It is only recently that prior actions have become part of the conditionality of an IMF arrangement. Historically, the IMF often called upon members to take certain measures as a prior condition to the release of IMF financial assistance, but the IMF did not expressly incorporate these measures into the terms of arrangement as conditions. Rather, the IMF simply sought to verify that the measures were taken before adopting its decision. The consequence of this approach was that the misreporting of information related to the implementation of these measures was not subject to the IMF’s Guidelines on Corrective Action—Misreporting and Noncomplying Purchases in the General Resources Account.3 These Misreporting Guidelines allow the IMF to take remedial action in cases where a member has made a purchase from the IMF on the basis of incorrect information that has mistakenly led the IMF to believe that all conditions applicable to that disbursement were met. Remedial action may not be taken for the misreporting of information on aspects of the member’s program that are not conditions.

In order to ensure that the reporting of information respecting the implementation of prior actions is subjected to this misreporting framework, the IMF has, since July 2000, followed a policy of expressly incorporating prior actions as part of the conditionality of the arrangement. More specifically, Executive Board decisions approving arrangements, completing reviews, or granting waivers for nonobservance are now adopted on the basis of an express condition that the information provided by the member on the implementation of specified prior actions is accurate.
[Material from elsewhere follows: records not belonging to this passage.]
text \<open>A vertex operator is encoded by its modes:
  Y u m0 m v  stands for  u_{m0,m} v, the coefficient of x0^(-m0-1) x^(-m) in Y(u;x0,x) v.
  Multi-indices in Z^r are elements of int^'r, where the finite index type 'r has r elements.\<close>

definition toroidal_va ::
  "(complex \<Rightarrow> 'v::ab_group_add \<Rightarrow> 'v) \<Rightarrow> 'v set \<Rightarrow>
   ('v \<Rightarrow> int \<Rightarrow> int ^ 'r \<Rightarrow> 'v \<Rightarrow> 'v) \<Rightarrow> 'v \<Rightarrow> bool" where
  "toroidal_va smul S Y vac \<longleftrightarrow>
     vector_space smul \<and> module.subspace smul S \<and> vac \<in> S \<and>
     \<comment> \<open>the modes map S x S into S\<close>
     (\<forall>u\<in>S. \<forall>v\<in>S. \<forall>m0 m. Y u m0 m v \<in> S) \<and>
     \<comment> \<open>Y is linear, and each Y(u;x0,x) is a linear endomorphism of S\<close>
     (\<forall>u\<in>S. \<forall>u'\<in>S. \<forall>v\<in>S. \<forall>m0 m. Y (u + u') m0 m v = Y u m0 m v + Y u' m0 m v) \<and>
     (\<forall>u\<in>S. \<forall>v\<in>S. \<forall>a m0 m. Y (smul a u) m0 m v = smul a (Y u m0 m v)) \<and>
     (\<forall>u\<in>S. \<forall>v\<in>S. \<forall>v'\<in>S. \<forall>m0 m. Y u m0 m (v + v') = Y u m0 m v + Y u m0 m v') \<and>
     (\<forall>u\<in>S. \<forall>v\<in>S. \<forall>a m0 m. Y u m0 m (smul a v) = smul a (Y u m0 m v)) \<and>
     \<comment> \<open>Y(u;x0,x)v lies in S[[x_1^{\<plusminus>1},...,x_r^{\<plusminus>1}]]((x0))\<close>
     (\<forall>u\<in>S. \<forall>v\<in>S. \<exists>N. \<forall>m0\<ge>N. \<forall>m. Y u m0 m v = 0) \<and>
     \<comment> \<open>vacuum property: Y(1;x0,x)v = v\<close>
     (\<forall>v\<in>S. \<forall>m0 m. Y vac m0 m v = (if m0 = -1 \<and> m = 0 then v else 0)) \<and>
     \<comment> \<open>creation property: Y(v;x0,x)1 \<in> S[[x0, x_1^{\<plusminus>1},...,x_r^{\<plusminus>1}]]\<close>
     (\<forall>v\<in>S. \<forall>m0 m. m0 \<ge> 0 \<longrightarrow> Y v m0 m vac = 0) \<and>
     \<comment> \<open>Jacobi identity, written out coefficientwise: coefficient of
        z0^(-l-1) x0^(-p-1) y0^(-n-1) z^(-a) y^(-b), applied to w\<close>
     (\<forall>u\<in>S. \<forall>v\<in>S. \<forall>w\<in>S. \<forall>(l::int) (p::int) (n::int) (a::int^'r) (b::int^'r).
        (\<Sum>i. smul ((of_int p :: complex) gchoose i) (Y (Y u (l + int i) a v) (p + n - int i) b w))
        = (\<Sum>i. smul ((-1) ^ i * ((of_int l :: complex) gchoose i))
                 (Y u (l + p - int i) a (Y v (n + int i) (b - a) w)
                  - smul (of_int ((-1) ^ nat \<bar>l\<bar>)) (Y v (l + n - int i) (b - a) (Y u (p + int i) a w)))))"

definition tva_ideal ::
  "(complex \<Rightarrow> 'v::ab_group_add \<Rightarrow> 'v) \<Rightarrow> 'v set \<Rightarrow>
   ('v \<Rightarrow> int \<Rightarrow> int ^ 'r \<Rightarrow> 'v \<Rightarrow> 'v) \<Rightarrow> 'v set \<Rightarrow> bool" where
  "tva_ideal smul S Y I \<longleftrightarrow>
     module.subspace smul I \<and> I \<subseteq> S \<and>
     (\<forall>u\<in>S. \<forall>v\<in>S. \<forall>m0 m. (u \<in> I \<or> v \<in> I) \<longrightarrow> Y u m0 m v \<in> I)"

definition simple_tva ::
  "(complex \<Rightarrow> 'v::ab_group_add \<Rightarrow> 'v) \<Rightarrow> 'v set \<Rightarrow>
   ('v \<Rightarrow> int \<Rightarrow> int ^ 'r \<Rightarrow> 'v \<Rightarrow> 'v) \<Rightarrow> 'v \<Rightarrow> bool" where
  "simple_tva smul S Y vac \<longleftrightarrow>
     toroidal_va smul S Y vac \<and> (\<forall>I. tva_ideal smul S Y I \<longrightarrow> I = {0} \<or> I = S)"

definition K_Y :: "'v set \<Rightarrow> ('v \<Rightarrow> int \<Rightarrow> int ^ 'r \<Rightarrow> 'v \<Rightarrow> 'v::zero) \<Rightarrow> 'v set" where
  "K_Y S Y = {v \<in> S. \<forall>m0 m. \<forall>w\<in>S. Y v m0 m w = 0}"

definition V0 ::
  "(complex \<Rightarrow> 'v::ab_group_add \<Rightarrow> 'v) \<Rightarrow> 'v set \<Rightarrow>
   ('v \<Rightarrow> int \<Rightarrow> int ^ 'r \<Rightarrow> 'v \<Rightarrow> 'v) \<Rightarrow> 'v \<Rightarrow> 'v set" where
  "V0 smul S Y vac = module.span smul {Y v m0 m vac | v m0 m. v \<in> S}"

definition is_quotient_by_KY ::
  "(complex \<Rightarrow> 'v::ab_group_add \<Rightarrow> 'v) \<Rightarrow> 'v set \<Rightarrow>
   ('v \<Rightarrow> int \<Rightarrow> int ^ 'r \<Rightarrow> 'v \<Rightarrow> 'v) \<Rightarrow> 'v \<Rightarrow>
   (complex \<Rightarrow> 'w::ab_group_add \<Rightarrow> 'w) \<Rightarrow> 'w set \<Rightarrow>
   ('w \<Rightarrow> int \<Rightarrow> int ^ 'r \<Rightarrow> 'w \<Rightarrow> 'w) \<Rightarrow> 'w \<Rightarrow> ('v \<Rightarrow> 'w) \<Rightarrow> bool" where
  "is_quotient_by_KY smul S Y vac smulW W YW vacW \<pi> \<longleftrightarrow>
     toroidal_va smulW W YW vacW \<and>
     \<pi> ` S = W \<and>
     (\<forall>u\<in>S. \<forall>v\<in>S. \<pi> (u + v) = \<pi> u + \<pi> v) \<and>
     (\<forall>u\<in>S. \<forall>a. \<pi> (smul a u) = smulW a (\<pi> u)) \<and>
     \<pi> vac = vacW \<and>
     (\<forall>u\<in>S. \<forall>v\<in>S. \<forall>m0 m. \<pi> (Y u m0 m v) = YW (\<pi> u) m0 m (\<pi> v)) \<and>
     {v \<in> S. \<pi> v = 0} = K_Y S Y"

end

theory Submission
  imports Defs
begin

text \<open>Ideals of V^0 and of the quotient V/K_Y(V) correspond to each other. An ideal J of V^0
  yields the ideal I_J = {v | v_{m0,m} 1 \<in> J} of V; it contains K_Y(V) and meets V^0 exactly in J,
  because every element of V^0 is the (finite) sum of its modes v_{-1,b} 1, which also shows
  V^0 \<inter> K_Y(V) = 0. Conversely an ideal of V meeting V^0 trivially lies in K_Y(V), since
  Y(v;x0,x) is recovered from the vertex operators of the states v_{-1,m} 1 \<in> V^0. An ideal
  containing the vacuum is everything. That V^0 and I_J are closed under all modes follows from
  the Jacobi identity evaluated on the vacuum, by induction on the mode index.\<close>

lemma (in module) Sum_any_in_subspace:
  assumes "subspace T" and "\<And>i. f i \<in> T"
  shows "Sum_any f \<in> T"
  unfolding Sum_any.expand_set by (rule subspace_sum[OF assms])

lemma (in module) Sum_any_scale:
  assumes "finite {i. f i \<noteq> 0}"
  shows "Sum_any (\<lambda>i. scale c (f i)) = scale c (Sum_any f)"
proof -
  have "Sum_any (\<lambda>i. scale c (f i)) = (\<Sum>i | f i \<noteq> 0. scale c (f i))"
    by (rule Sum_any.expand_superset) (use assms in auto)
  then show ?thesis by (simp add: Sum_any.expand_set scale_sum_right)
qed

lemma gbinomial_minus_one: "((-1 :: 'a::field_char_0) gchoose k) = (-1) ^ k"
  using gbinomial_negated_upper[of "-1::'a" k] by (simp add: binomial_gbinomial[symmetric])

locale toroidal_vertex_algebra =
  fixes smul :: "complex \<Rightarrow> 'v::ab_group_add \<Rightarrow> 'v"
    and V :: "'v set"
    and Y :: "'v \<Rightarrow> int \<Rightarrow> int ^ 'r \<Rightarrow> 'v \<Rightarrow> 'v"
    and vac :: 'v
  assumes toroidal_va: "toroidal_va smul V Y vac"
begin

sublocale module smul
  using toroidal_va by (simp add: toroidal_va_def module_iff_vector_space)

lemma subspace_V: "subspace V"
  using toroidal_va by (simp add: toroidal_va_def)

lemma vac_in_V: "vac \<in> V"
  using toroidal_va by (simp add: toroidal_va_def)

lemma Y_closed: "u \<in> V \<Longrightarrow> v \<in> V \<Longrightarrow> Y u m0 m v \<in> V"
  using toroidal_va by (simp add: toroidal_va_def)

lemma Y_add_left: "u \<in> V \<Longrightarrow> u' \<in> V \<Longrightarrow> v \<in> V \<Longrightarrow> Y (u + u') m0 m v = Y u m0 m v + Y u' m0 m v"
  using toroidal_va by (simp add: toroidal_va_def)

lemma Y_scale_left: "u \<in> V \<Longrightarrow> v \<in> V \<Longrightarrow> Y (smul a u) m0 m v = smul a (Y u m0 m v)"
  using toroidal_va by (simp add: toroidal_va_def)

lemma Y_add_right: "u \<in> V \<Longrightarrow> v \<in> V \<Longrightarrow> v' \<in> V \<Longrightarrow> Y u m0 m (v + v') = Y u m0 m v + Y u m0 m v'"
  using toroidal_va by (simp add: toroidal_va_def)

lemma Y_scale_right: "u \<in> V \<Longrightarrow> v \<in> V \<Longrightarrow> Y u m0 m (smul a v) = smul a (Y u m0 m v)"
  using toroidal_va by (simp add: toroidal_va_def)

lemma Y_truncation: "u \<in> V \<Longrightarrow> v \<in> V \<Longrightarrow> \<exists>N. \<forall>m0\<ge>N. \<forall>m. Y u m0 m v = 0"
  using toroidal_va by (simp add: toroidal_va_def)

lemma Y_vac: "v \<in> V \<Longrightarrow> Y vac m0 m v = (if m0 = -1 \<and> m = 0 then v else 0)"
  using toroidal_va by (simp add: toroidal_va_def)

lemma Y_creation: "v \<in> V \<Longrightarrow> 0 \<le> m0 \<Longrightarrow> Y v m0 m vac = 0"
  using toroidal_va by (simp add: toroidal_va_def)

lemma jacobi:
  assumes "u \<in> V" and "v \<in> V" and "w \<in> V"
  shows "Sum_any (\<lambda>i. smul ((of_int p :: complex) gchoose i) (Y (Y u (l + int i) a v) (p + n - int i) b w))
    = Sum_any (\<lambda>i. smul ((-1) ^ i * ((of_int l :: complex) gchoose i))
        (Y u (l + p - int i) a (Y v (n + int i) (b - a) w)
         - smul (of_int ((-1) ^ nat \<bar>l\<bar>)) (Y v (l + n - int i) (b - a) (Y u (p + int i) a w))))"
  using toroidal_va assms unfolding toroidal_va_def by blast

lemma zero_in_V: "0 \<in> V"
  using subspace_0[OF subspace_V] .

lemma Y_zero_left: "v \<in> V \<Longrightarrow> Y 0 m0 m v = 0"
  using Y_add_left[OF zero_in_V zero_in_V, of v m0 m] by simp

lemma Y_zero_right: "u \<in> V \<Longrightarrow> Y u m0 m 0 = 0"
  using Y_add_right[OF _ zero_in_V zero_in_V, of u m0 m] by simp

lemma iterate_on_vac:
  assumes u: "u \<in> V" and y: "y \<in> V"
  shows "Y (Y u l a y) n b vac = Sum_any (\<lambda>i. smul ((-1) ^ i * ((of_int l :: complex) gchoose i))
           (Y u (l - int i) a (Y y (n + int i) (b - a) vac)))"
proof -
  have lhs: "(\<lambda>i. smul ((of_int 0 :: complex) gchoose i) (Y (Y u (l + int i) a y) (0 + n - int i) b vac))
      = (\<lambda>i. if i = 0 then Y (Y u l a y) n b vac else 0)"
    by (simp add: fun_eq_iff gbinomial_0_left)
  have rhs: "(\<lambda>i. smul ((-1) ^ i * ((of_int l :: complex) gchoose i))
        (Y u (l + 0 - int i) a (Y y (n + int i) (b - a) vac)
         - smul (of_int ((-1) ^ nat \<bar>l\<bar>)) (Y y (l + n - int i) (b - a) (Y u (0 + int i) a vac))))
      = (\<lambda>i. smul ((-1) ^ i * ((of_int l :: complex) gchoose i))
        (Y u (l - int i) a (Y y (n + int i) (b - a) vac)))"
    by (simp add: fun_eq_iff Y_creation[OF u] Y_zero_right[OF y])
  show ?thesis
    using jacobi[OF u y vac_in_V, of 0 l a n b] unfolding lhs rhs by simp
qed

lemma iterate_on_vac_finite:
  assumes u: "u \<in> V" and y: "y \<in> V"
  shows "Y (Y u l a y) n b vac = (\<Sum>i<nat (-n). smul ((-1) ^ i * ((of_int l :: complex) gchoose i))
           (Y u (l - int i) a (Y y (n + int i) (b - a) vac)))"
  unfolding iterate_on_vac[OF u y]
proof (rule Sum_any.expand_superset)
  show "{i. smul ((-1) ^ i * ((of_int l :: complex) gchoose i))
          (Y u (l - int i) a (Y y (n + int i) (b - a) vac)) \<noteq> 0} \<subseteq> {..<nat (- n)}"
  proof (rule subsetI, rule ccontr)
    fix i assume "i \<in> {i. smul ((-1) ^ i * ((of_int l :: complex) gchoose i))
        (Y u (l - int i) a (Y y (n + int i) (b - a) vac)) \<noteq> 0}" and "i \<notin> {..<nat (-n)}"
    then show False using Y_creation[OF y, of "n + int i"] Y_zero_right[OF u] by simp
  qed
qed simp

lemma Y_creation_mode_minus_one:
  assumes u: "u \<in> V" and w: "w \<in> V"
  shows "Y (Y u (-1) a vac) n a w = Y u n a w"
proof -
  have lhs: "(\<lambda>i. smul ((of_int 0 :: complex) gchoose i) (Y (Y u (-1 + int i) a vac) (0 + n - int i) a w))
      = (\<lambda>i. if i = 0 then Y (Y u (-1) a vac) n a w else 0)"
    by (simp add: fun_eq_iff gbinomial_0_left)
  have sign: "(-1) ^ i * ((of_int (-1) :: complex) gchoose i) = 1" for i
    by (simp add: gbinomial_minus_one flip: power_mult_distrib)
  \<comment> \<open>only the term with n + i = -1 (for n < 0) resp. -1 + n - i = -1 (for n \<ge> 0) survives\<close>
  have rhs: "(\<lambda>i. smul ((-1) ^ i * ((of_int (-1) :: complex) gchoose i))
        (Y u (-1 + 0 - int i) a (Y vac (n + int i) (a - a) w)
         - smul (of_int ((-1) ^ nat \<bar>-1::int\<bar>)) (Y vac (-1 + n - int i) (a - a) (Y u (0 + int i) a w))))
      = (\<lambda>i. if i = (if n < 0 then nat (-1 - n) else nat n) then Y u n a w else 0)"
    unfolding sign using Y_vac[OF w] Y_vac[OF Y_closed[OF u w]] Y_zero_right[OF u]
    by (auto simp: fun_eq_iff scale_minus_left[of 1, simplified])
  show ?thesis
    using jacobi[OF u vac_in_V w, of 0 "-1" a n a] unfolding lhs rhs by simp
qed

lemma Y_creation_mode_on_vac:
  assumes u: "u \<in> V"
  shows "Y (Y u l a vac) (-1) b vac = (if b = a then Y u l a vac else 0)"
proof -
  have terms: "(\<lambda>i. smul ((-1) ^ i * ((of_int l :: complex) gchoose i))
           (Y u (l - int i) a (Y vac (-1 + int i) (b - a) vac)))
      = (\<lambda>i. if i = 0 then (if b = a then Y u l a vac else 0) else 0)"
    using Y_vac[OF vac_in_V] Y_zero_right[OF u] by (auto simp: fun_eq_iff)
  show ?thesis
    using iterate_on_vac[OF u vac_in_V, of l a "-1" b] unfolding terms by simp
qed

text \<open>Induction on -n: in the expansion of (u_{c,a} y)_{n,e+a} 1 the term i = 0 is the wanted
  u_{c,a} y_{n,e} 1, and all other terms have a larger index n + i.\<close>

lemma mode_on_state_in_subspace:
  assumes T: "subspace T" and u: "u \<in> V" and y: "y \<in> V"
    and iterates: "\<And>l n b. Y (Y u l a y) n b vac \<in> T"
  shows "Y u c a (Y y n e vac) \<in> T"
proof (induction "nat (-n)" arbitrary: n c rule: less_induct)
  case less
  show ?case
  proof (cases "0 \<le> n")
    case True
    then show ?thesis using Y_creation[OF y True] Y_zero_right[OF u] subspace_0[OF T] by simp
  next
    case False
    define f where "f i = smul ((-1) ^ i * ((of_int c :: complex) gchoose i))
        (Y u (c - int i) a (Y y (n + int i) e vac))" for i
    have "{..<nat (-n)} = insert 0 {1..<nat (-n)}" using False by auto
    then have "Y (Y u c a y) n (e + a) vac = f 0 + (\<Sum>i\<in>{1..<nat (-n)}. f i)"
      using iterate_on_vac_finite[OF u y, of c a n "e + a"] by (simp add: f_def)
    moreover have "(\<Sum>i\<in>{1..<nat (-n)}. f i) \<in> T"
    proof (rule subspace_sum[OF T])
      fix i assume "i \<in> {1..<nat (-n)}"
      then have "nat (- (n + int i)) < nat (-n)" using False by auto
      then show "f i \<in> T" unfolding f_def by (intro subspace_scale[OF T] less)
    qed
    ultimately have "f 0 \<in> T"
      using subspace_diff[OF T iterates] by (metis add_diff_cancel_right')
    then show ?thesis by (simp add: f_def)
  qed
qed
Legal Nature of Conditionality

At this point in the discussion, the legal nature of conditionality should be discussed. As a starting point, it is important to distinguish between the member’s program and the IMF arrangement. The program of economic reform is the program of the member rather than the IMF. In practice, these programs are effectively negotiated by the authorities of a member country and IMF staff, but the program is put in place and implemented by the member and will be successful only if the authorities are genuinely committed to its implementation and, in the language of the IMF, have a strong sense of ownership.4

In contrast, the arrangement supporting the program is a unilateral decision of the Executive Board. It is the IMF that sets these conditions and the IMF that determines whether these conditions are met. The IMF cannot delegate to another institution the power to establish conditions for the use of the IMF’s resources or the power to assess whether particular conditions set by the IMF have been met. Such forms of cross-conditionality are legally prohibited.5

An IMF arrangement creates legal rights for the member and provides the member with a level of certainty as to what has to be done in order to receive financial assistance. At the same time, it does not subject the member to legal obligations to meet the conditions of the arrangement. To the extent that the member fails to meet a condition under an arrangement, the only legal consequence that ensues is that the member will not be able to purchase from the IMF. To understand what an IMF arrangement is, you have to understand what it is not. As a unilateral decision of the IMF, an arrangement is not a contract between the IMF and the member. The IMF sought to avoid subjecting a member to contractual obligations to implement their programs and putting the member in the unenviable position of being in breach of a legal obligation if it failed to meet a condition. To provide incentives to members, the IMF sought to minimize the legal consequences attached to failure. A member is free to walk away from its program and the arrangement at any time.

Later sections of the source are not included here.